Full details for the water are in the link . The bottled water I am referring to in the link is the Drinking water or the Distilled water, not the natural spring or the flouridated water.


Deer Park Spring Water (http://www.nestle-watersna.com/pdf/DP_BWFA.pdf)

Thanks

Jeff
12/20/2008, 09:47 AM
A small ro/di unit and a faucet adaptor will pay for itself in time and should be easier then lugging around bottled water IMO. If you trust the bottled water and dont mind carrying around bottles of water then dont worry about it.

Genetics
12/20/2008, 11:34 AM
On the PDF, they don't list phosphate levels or ammonia. There nitrate levels are higher than what I keep my tank at.

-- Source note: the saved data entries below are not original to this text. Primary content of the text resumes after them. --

(* Let $X_n$ be the maximum weight of a directed path from $1$ to $n$ in the transitive tournament on $\{1,\ldots,n\}$ with independent $\mathrm{Bernoulli}(1/2)$ edge weights. Then \[ \lim_{n\to\infty}\frac{\mathbb{E}[X_n]}{n-1}=\Big(\sum_{n\ge1}2^{-\binom{n}{2}}\Big)^{-1}=0.60914971106\ldots \]
   Context: The transitive tournament on $\{1,\ldots,n\}$ has a directed edge $(i,j)$ for every $1\le i<j\le n$. Each edge independently has weight $1$ with probability $1/2$ and weight $0$ otherwise. The weight of a path is the sum of its edge weights. *)

theory Defs
  imports Complex_Main
begin

definition tt_edges :: "nat \<Rightarrow> (nat \<times> nat) set" where
  "tt_edges n = {(i, j). 1 \<le> i \<and> i < j \<and> j \<le> n}"

definition tt_paths :: "nat \<Rightarrow> nat list set" where
  "tt_paths n = {xs. xs \<noteq> [] \<and> hd xs = 1 \<and> last xs = n \<and> sorted_wrt (<) xs}"

definition path_weight :: "(nat \<times> nat) set \<Rightarrow> nat list \<Rightarrow> nat" where
  "path_weight S xs = sum_list (map (\<lambda>e. if e \<in> S then 1 else 0) (zip xs (tl xs)))"

text \<open>Maximum weight of a directed path from 1 to n (the random variable X_n, as a function
  of the set S of weight-1 edges).\<close>
definition max_path_weight :: "nat \<Rightarrow> (nat \<times> nat) set \<Rightarrow> nat" where
  "max_path_weight n S = Max (path_weight S ` tt_paths n)"

text \<open>Expectation of X_n: with independent Bernoulli(1/2) weights, the set of weight-1 edges
  is uniformly distributed over all subsets of the edge set.\<close>
definition expected_max_weight :: "nat \<Rightarrow> real" where
  "expected_max_weight n =
     (\<Sum>S\<in>Pow (tt_edges n). real (max_path_weight n S)) / 2 ^ card (tt_edges n)"

end

theory Submission
  imports Defs "HOL-Real_Asymp.Real_Asymp"
begin

text \<open>Write X(j) for the maximum weight of a path from 1 to j and R(n) for the least
  j \<le> n with X(j) = X(n); then X(j) = X(n) on [R(n), n] and X(j) < X(n) below R(n). Hence
  X(n + 1) = X(n) + 1 and R(n + 1) = n + 1 exactly when one of the n + 1 - R(n) edges from
  [R(n), n] to n + 1 has weight 1, and otherwise nothing changes. These edges are independent
  of the past, so with u(k) = P(R(k) = k) one gets P(R(n) = \<rho>) = u(\<rho>) q(n - \<rho>), where
  q(t) = 2^-(t + 1 choose 2) is the probability that R stays put for t steps. Summing over \<rho>
  gives the renewal equation \<Sum>\<rho> u(\<rho>) q(n - \<rho>) = 1, while E X(n) = u(2) + ... + u(n).
  Bounding q in the renewal equation by its partial sums from above and by its full sum from
  below yields (u(1) + ... + u(n)) / n \<longrightarrow> 1 / \<Sum>t q(t).\<close>

section \<open>Averages over subsets of a finite set\<close>

definition pow_avg :: "'a set \<Rightarrow> ('a set \<Rightarrow> real) \<Rightarrow> real" where
  "pow_avg A f = (\<Sum>S\<in>Pow A. f S) / 2 ^ card A"

lemma pow_avg_cong: "(\<And>S. S \<subseteq> A \<Longrightarrow> f S = g S) \<Longrightarrow> pow_avg A f = pow_avg A g"
  unfolding pow_avg_def by (metis PowD sum.cong)

lemma pow_avg_add: "pow_avg A (\<lambda>S. f S + g S) = pow_avg A f + pow_avg A g"
  unfolding pow_avg_def by (simp add: sum.distrib add_divide_distrib)

lemma pow_avg_mult_left: "pow_avg A (\<lambda>S. c * f S) = c * pow_avg A f"
  unfolding pow_avg_def by (simp add: sum_distrib_left)

lemma pow_avg_divide: "pow_avg A (\<lambda>S. f S / c) = pow_avg A f / c"
  unfolding pow_avg_def by (simp add: sum_divide_distrib[symmetric])

lemma pow_avg_sum: "pow_avg A (\<lambda>S. \<Sum>k\<in>K. f k S) = (\<Sum>k\<in>K. pow_avg A (f k))"
  unfolding pow_avg_def by (simp add: sum_divide_distrib[symmetric] sum.swap[of _ K])

lemma pow_avg_const: "finite A \<Longrightarrow> pow_avg A (\<lambda>S. c) = c"
  unfolding pow_avg_def by (simp add: card_Pow)

lemma pow_avg_nonneg: "(\<And>S. 0 \<le> f S) \<Longrightarrow> 0 \<le> pow_avg A f"
  unfolding pow_avg_def by (intro divide_nonneg_pos sum_nonneg) auto

lemma pow_avg_Un:
  assumes "finite A" "finite B" "A \<inter> B = {}"
  shows "pow_avg (A \<union> B) f = pow_avg A (\<lambda>X. pow_avg B (\<lambda>Y. f (X \<union> Y)))"
proof -
  have "(\<Sum>S\<in>Pow (A \<union> B). f S) = (\<Sum>(X, Y)\<in>Pow A \<times> Pow B. f (X \<union> Y))"
    by (rule sum.reindex_bij_witness[of _ "\<lambda>(X, Y). X \<union> Y" "\<lambda>S. (S \<inter> A, S \<inter> B)"])
       (use assms in \<open>auto simp: Int_absorb2 simp flip: Int_Un_distrib\<close>)
  also have "\<dots> = (\<Sum>X\<in>Pow A. \<Sum>Y\<in>Pow B. f (X \<union> Y))"
    by (rule sum.cartesian_product[symmetric])
  finally show ?thesis
    using assms unfolding pow_avg_def
    by (simp add: card_Un_disjoint power_add sum_divide_distrib[symmetric])
qed

lemma pow_avg_disjoint:
  assumes "finite B" "C \<subseteq> B"
  shows "pow_avg B (\<lambda>Y. if Y \<inter> C = {} then 1 else 0) = 1 / 2 ^ card C"
proof -
  have "(\<Sum>Y\<in>Pow B. if Y \<inter> C = {} then 1 else 0 :: real) = card (Pow (B - C))"
    by (subst sum.If_cases) (auto intro!: arg_cong[where f = card] simp: assms(1))
  also have "\<dots> = (2::real) ^ (card B - card C)"
    using assms by (simp add: card_Pow card_Diff_subset finite_subset)
  also have "\<dots> = 2 ^ card B / 2 ^ card C"
    using assms by (simp add: power_diff card_mono)
  finally show ?thesis unfolding pow_avg_def by simp
qed

lemma pow_avg_if_disjoint:
  assumes "finite B" "C \<subseteq> B"
  shows "pow_avg B (\<lambda>Y. if Y \<inter> C = {} then a else b) = b + (a - b) / 2 ^ card C"
proof -
  have "pow_avg B (\<lambda>Y. if Y \<inter> C = {} then a else b) =
        pow_avg B (\<lambda>Y. b + (a - b) * (if Y \<inter> C = {} then 1 else 0))"
    by (rule pow_avg_cong) simp
  then show ?thesis
    using assms by (simp add: pow_avg_add pow_avg_mult_left pow_avg_const pow_avg_disjoint)
qed

section \<open>An elementary renewal theorem\<close>

context
  fixes u q :: "nat \<Rightarrow> real"
  assumes u_nonneg: "\<And>k. 0 \<le> u k"
    and q_nonneg: "\<And>t. 0 \<le> q t"
    and summable_q: "summable q"
    and renewal: "\<And>n. 1 \<le> n \<Longrightarrow> (\<Sum>\<rho>=1..n. u \<rho> * q (n - \<rho>)) = 1"
begin

lemma renewal_partial_sums: "(\<Sum>\<rho>=1..n. u \<rho> * (\<Sum>t\<le>n - \<rho>. q t)) = real n"
proof (induction n)
  case (Suc n)
  have "(\<Sum>\<rho>=1..Suc n. u \<rho> * (\<Sum>t\<le>Suc n - \<rho>. q t)) =
      (\<Sum>\<rho>=1..n. u \<rho> * (\<Sum>t\<le>n - \<rho>. q t)) + (\<Sum>\<rho>=1..Suc n. u \<rho> * q (Suc n - \<rho>))"
  proof -
    have "(\<Sum>t\<le>Suc n - \<rho>. q t) = (\<Sum>t\<le>n - \<rho>. q t) + q (Suc n - \<rho>)" if "\<rho> \<le> n" for \<rho>
      using that by (simp add: Suc_diff_le)
    then show ?thesis
      by (simp add: sum.distrib distrib_left)
  qed
  then show ?case using Suc.IH renewal[of "Suc n"] by simp
qed simp

lemma renewal_q0_pos: "0 < q 0"
  using renewal[of 1] q_nonneg[of 0] by (cases "q 0 = 0") auto

lemma renewal_partial_sum_pos: "0 < (\<Sum>t\<le>K. q t)"
  using renewal_q0_pos by (rule order_less_le_trans) (auto intro: member_le_sum q_nonneg)

lemma renewal_suminf_pos: "0 < suminf q"
  using renewal_partial_sum_pos[of 0] sum_le_suminf[OF summable_q, of "{..0}"] q_nonneg
  by (simp add: order_less_le_trans)

lemma renewal_lower: "real n \<le> (\<Sum>k=1..n. u k) * suminf q"
proof -
  have "real n \<le> (\<Sum>\<rho>=1..n. u \<rho> * suminf q)"
    unfolding renewal_partial_sums[of n, symmetric]
    by (intro sum_mono mult_left_mono sum_le_suminf summable_q q_nonneg u_nonneg) auto
  then show ?thesis by (simp add: sum_distrib_right)
qed

lemma renewal_upper: "(\<Sum>t\<le>K. q t) * (\<Sum>k=1..n. u k) \<le> real (n + K)"
proof -
  have "(\<Sum>t\<le>K. q t) * (\<Sum>k=1..n. u k) = (\<Sum>\<rho>=1..n. u \<rho> * (\<Sum>t\<le>K. q t))"
    by (simp add: sum_distrib_left mult.commute)
  also have "\<dots> \<le> (\<Sum>\<rho>=1..n. u \<rho> * (\<Sum>t\<le>n + K - \<rho>. q t))"
    by (intro sum_mono mult_left_mono sum_mono2 u_nonneg q_nonneg) auto
  also have "\<dots> \<le> (\<Sum>\<rho>=1..n + K. u \<rho> * (\<Sum>t\<le>n + K - \<rho>. q t))"
    by (intro sum_mono2) (auto intro!: mult_nonneg_nonneg sum_nonneg u_nonneg q_nonneg)
  also have "\<dots> = real (n + K)" by (rule renewal_partial_sums)
  finally show ?thesis .
qed

lemma elementary_renewal: "(\<lambda>n. (\<Sum>k=1..n. u k) / real n) \<longlonglongrightarrow> 1 / suminf q"
proof (rule order_tendstoI)
  fix a assume "a < 1 / suminf q"
  moreover have "1 / suminf q \<le> (\<Sum>k=1..n. u k) / real n" if "1 \<le> n" for n
    using renewal_lower[of n] renewal_suminf_pos that by (simp add: field_simps)
  ultimately show "\<forall>\<^sub>F n in sequentially. a < (\<Sum>k=1..n. u k) / real n"
    unfolding eventually_sequentially by (auto intro: less_le_trans)
next
  fix b assume "1 / suminf q < b"
  have "(\<lambda>K. 1 / (\<Sum>t\<le>K. q t)) \<longlonglongrightarrow> 1 / suminf q"
    using renewal_suminf_pos by (intro tendsto_divide tendsto_const summable_LIMSEQ' summable_q) auto
  then obtain K where K: "1 / (\<Sum>t\<le>K. q t) < b"
    using \<open>1 / suminf q < b\<close> by (metis order_tendstoD(2) eventually_sequentially order_refl)
  define c where "c = real K / (\<Sum>t\<le>K. q t)"
  have "(\<lambda>n. 1 / (\<Sum>t\<le>K. q t) + c / real n) \<longlonglongrightarrow> 1 / (\<Sum>t\<le>K. q t) + 0"
    by (intro tendsto_intros)
  then have "\<forall>\<^sub>F n in sequentially. 1 / (\<Sum>t\<le>K. q t) + c / real n < b"
    using K by (intro order_tendstoD(2)) auto
  moreover have "(\<Sum>k=1..n. u k) / real n \<le> 1 / (\<Sum>t\<le>K. q t) + c / real n" if "1 \<le> n" for n
    using renewal_upper[of K n] renewal_partial_sum_pos[of K] that unfolding c_def by (simp add: field_simps)
  ultimately show "\<forall>\<^sub>F n in sequentially. (\<Sum>k=1..n. u k) / real n < b"
    unfolding eventually_sequentially by (meson le_trans le_less_trans nat_le_linear)
qed

end

lemma tendsto_shifted_ratio:
  fixes a :: "nat \<Rightarrow> real"
  assumes "(\<lambda>n. a n / real n) \<longlonglongrightarrow> L"
  shows "(\<lambda>n. (a n - c) / (real n - 1)) \<longlonglongrightarrow> L"
proof -
  have "(\<lambda>n. a n / real n * (real n / (real n - 1)) - c / (real n - 1)) \<longlonglongrightarrow> L * 1 - 0"
    by (intro tendsto_intros assms) real_asymp+
  moreover have "\<forall>\<^sub>F n in sequentially.
      a n / real n * (real n / (real n - 1)) - c / (real n - 1) = (a n - c) / (real n - 1)"
    using eventually_gt_at_top[of 1] by eventually_elim (simp add: diff_divide_distrib)
  ultimately show ?thesis by (simp add: tendsto_cong)
qed

section \<open>Maximum-weight paths\<close>

lemma zip_tl_snoc:
  "ys \<noteq> [] \<Longrightarrow> zip (ys @ [m]) (tl (ys @ [m])) = zip ys (tl ys) @ [(last ys, m)]"
  by (induction ys rule: induct_list012) auto

lemma sorted_wrt_less_hd_last:
  fixes ys :: "'a::linorder list"
  assumes "sorted_wrt (<) ys" "y \<in> set ys"
  shows "hd ys \<le> y \<and> y \<le> last ys"
  using assms by (induction ys) (auto simp: less_imp_le)

lemma path_weight_snoc:
  "ys \<noteq> [] \<Longrightarrow>
    path_weight S (ys @ [m]) = path_weight S ys + (if (last ys, m) \<in> S then 1 else 0)"
  unfolding path_weight_def zip_tl_snoc by simp

lemma tt_paths_1: "tt_paths 1 = {[1]}"
proof (intro equalityI subsetI)
  fix xs assume xs: "xs \<in> tt_paths 1"
  then obtain ys where "xs = 1 # ys" "sorted_wrt (<) (1 # ys)" "last (1 # ys) = (1::nat)"
    unfolding tt_paths_def by (cases xs) auto
  moreover have "ys = []"
    using calculation by (metis last_ConsR last_in_set less_irrefl sorted_wrt.simps(2))
  ultimately show "xs \<in> {[1]}" by simp
qed (simp add: tt_paths_def)

lemma tt_paths_Suc:
  assumes "1 \<le> n"
  shows "tt_paths (Suc n) = (\<Union>i\<in>{1..n}. (\<lambda>ys. ys @ [Suc n]) ` tt_paths i)"
proof (intro equalityI subsetI)
  fix xs assume "xs \<in> tt_paths (Suc n)"
  then have ne: "xs \<noteq> []" and hd: "hd xs = 1" and last: "last xs = Suc n"
    and sorted: "sorted_wrt (<) xs"
    unfolding tt_paths_def by auto
  define ys where "ys = butlast xs"
  have xs: "xs = ys @ [Suc n]"
    using ne last unfolding ys_def by (metis append_butlast_last_id)
  have "ys \<noteq> []" using xs hd assms by (cases ys) auto
  moreover have "\<forall>y\<in>set ys. y < Suc n" "sorted_wrt (<) ys"
    using sorted unfolding xs by (auto simp: sorted_wrt_append)
  moreover have "hd ys = 1" using hd xs \<open>ys \<noteq> []\<close> by simp
  moreover from calculation have "last ys \<in> {1..n}"
    using sorted_wrt_less_hd_last[of ys "last ys"] by (auto simp: less_Suc_eq_le)
  ultimately have "ys \<in> tt_paths (last ys)" "last ys \<in> {1..n}"
    unfolding tt_paths_def by auto
  then show "xs \<in> (\<Union>i\<in>{1..n}. (\<lambda>ys. ys @ [Suc n]) ` tt_paths i)"
    using xs by blast
next
  fix xs assume "xs \<in> (\<Union>i\<in>{1..n}. (\<lambda>ys. ys @ [Suc n]) ` tt_paths i)"
  then obtain i ys where "i \<in> {1..n}" "ys \<in> tt_paths i" "xs = ys @ [Suc n]" by blast
  moreover have "\<forall>y\<in>set ys. y \<le> i" if "ys \<in> tt_paths i" for ys
    using that sorted_wrt_less_hd_last unfolding tt_paths_def by fastforce
  ultimately show "xs \<in> tt_paths (Suc n)"
    unfolding tt_paths_def by (fastforce simp: sorted_wrt_append)
qed

definition path_weights :: "(nat \<times> nat) set \<Rightarrow> nat \<Rightarrow> nat set" where
  "path_weights S j = path_weight S ` tt_paths j"

lemma path_weights_1: "path_weights S 1 = {0}"
  unfolding path_weights_def tt_paths_1 by (simp add: path_weight_def)

lemma path_weights_Suc:
  assumes "1 \<le> n"
  shows "path_weights S (Suc n) =
    (\<Union>i\<in>{1..n}. (\<lambda>w. w + (if (i, Suc n) \<in> S then 1 else 0)) ` path_weights S i)"
proof -
  have "path_weight S (ys @ [Suc n]) = path_weight S ys + (if (i, Suc n) \<in> S then 1 else 0)"
    if "ys \<in> tt_paths i" for i ys
    using that path_weight_snoc[of ys S "Suc n"] unfolding tt_paths_def by auto
  then show ?thesis
    unfolding path_weights_def tt_paths_Suc[OF assms] image_UN image_image by simp
qed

So I would probably say that is not an ideal situation. I would go with an RO unit. They pay for themselves in less than 100 gallons.

tonym10
12/20/2008, 12:27 PM
Nitrate is listed at not detectible for their distilled and not detectible to .17 nitrate . Do we have a dependable test kit that measures 1/10th of 1 ppm of nitrate? Nitrite is 0 , I can measure ammonia and phosphate to verify they are 0.

tonym10
12/20/2008, 12:29 PM
I own a ro/di unit . The cost is not the point . Buying water is much more expensive then making ro. I cannot make ro water here. The question is will this water based on the data be as good as ro water would be.

bertoni
12/20/2008, 06:21 PM
I would buy distilled water. That should be fine. I wouldn't risk spring water, since it could have a lot of surprises in it, but it might be fine.

michaeldaly
12/21/2008, 04:47 AM
The bottled water is most probably worse than tap water, many of them contain large amounts of minerals.

As mentioned distilled water wood be a good bet, it is better than Ro/DI.

therealfatman
12/21/2008, 06:16 PM
I would venture to bet the the bottled drinking water is carbon and RO filtered water that has had a residual disinfectant added to it. Most likely chloramine, so just add some Amquel. I am assuming the bottled water is being provided by your empoyer so the cost is not an issue, just the water quality.

The bottled drinking water has obviously been very highly filtered (not necesssarily well enough to have also gone through a DI unit however) and what is now there has mainly been added rather than being left from the filtration process. It to pure to be an unfiltered natural source water.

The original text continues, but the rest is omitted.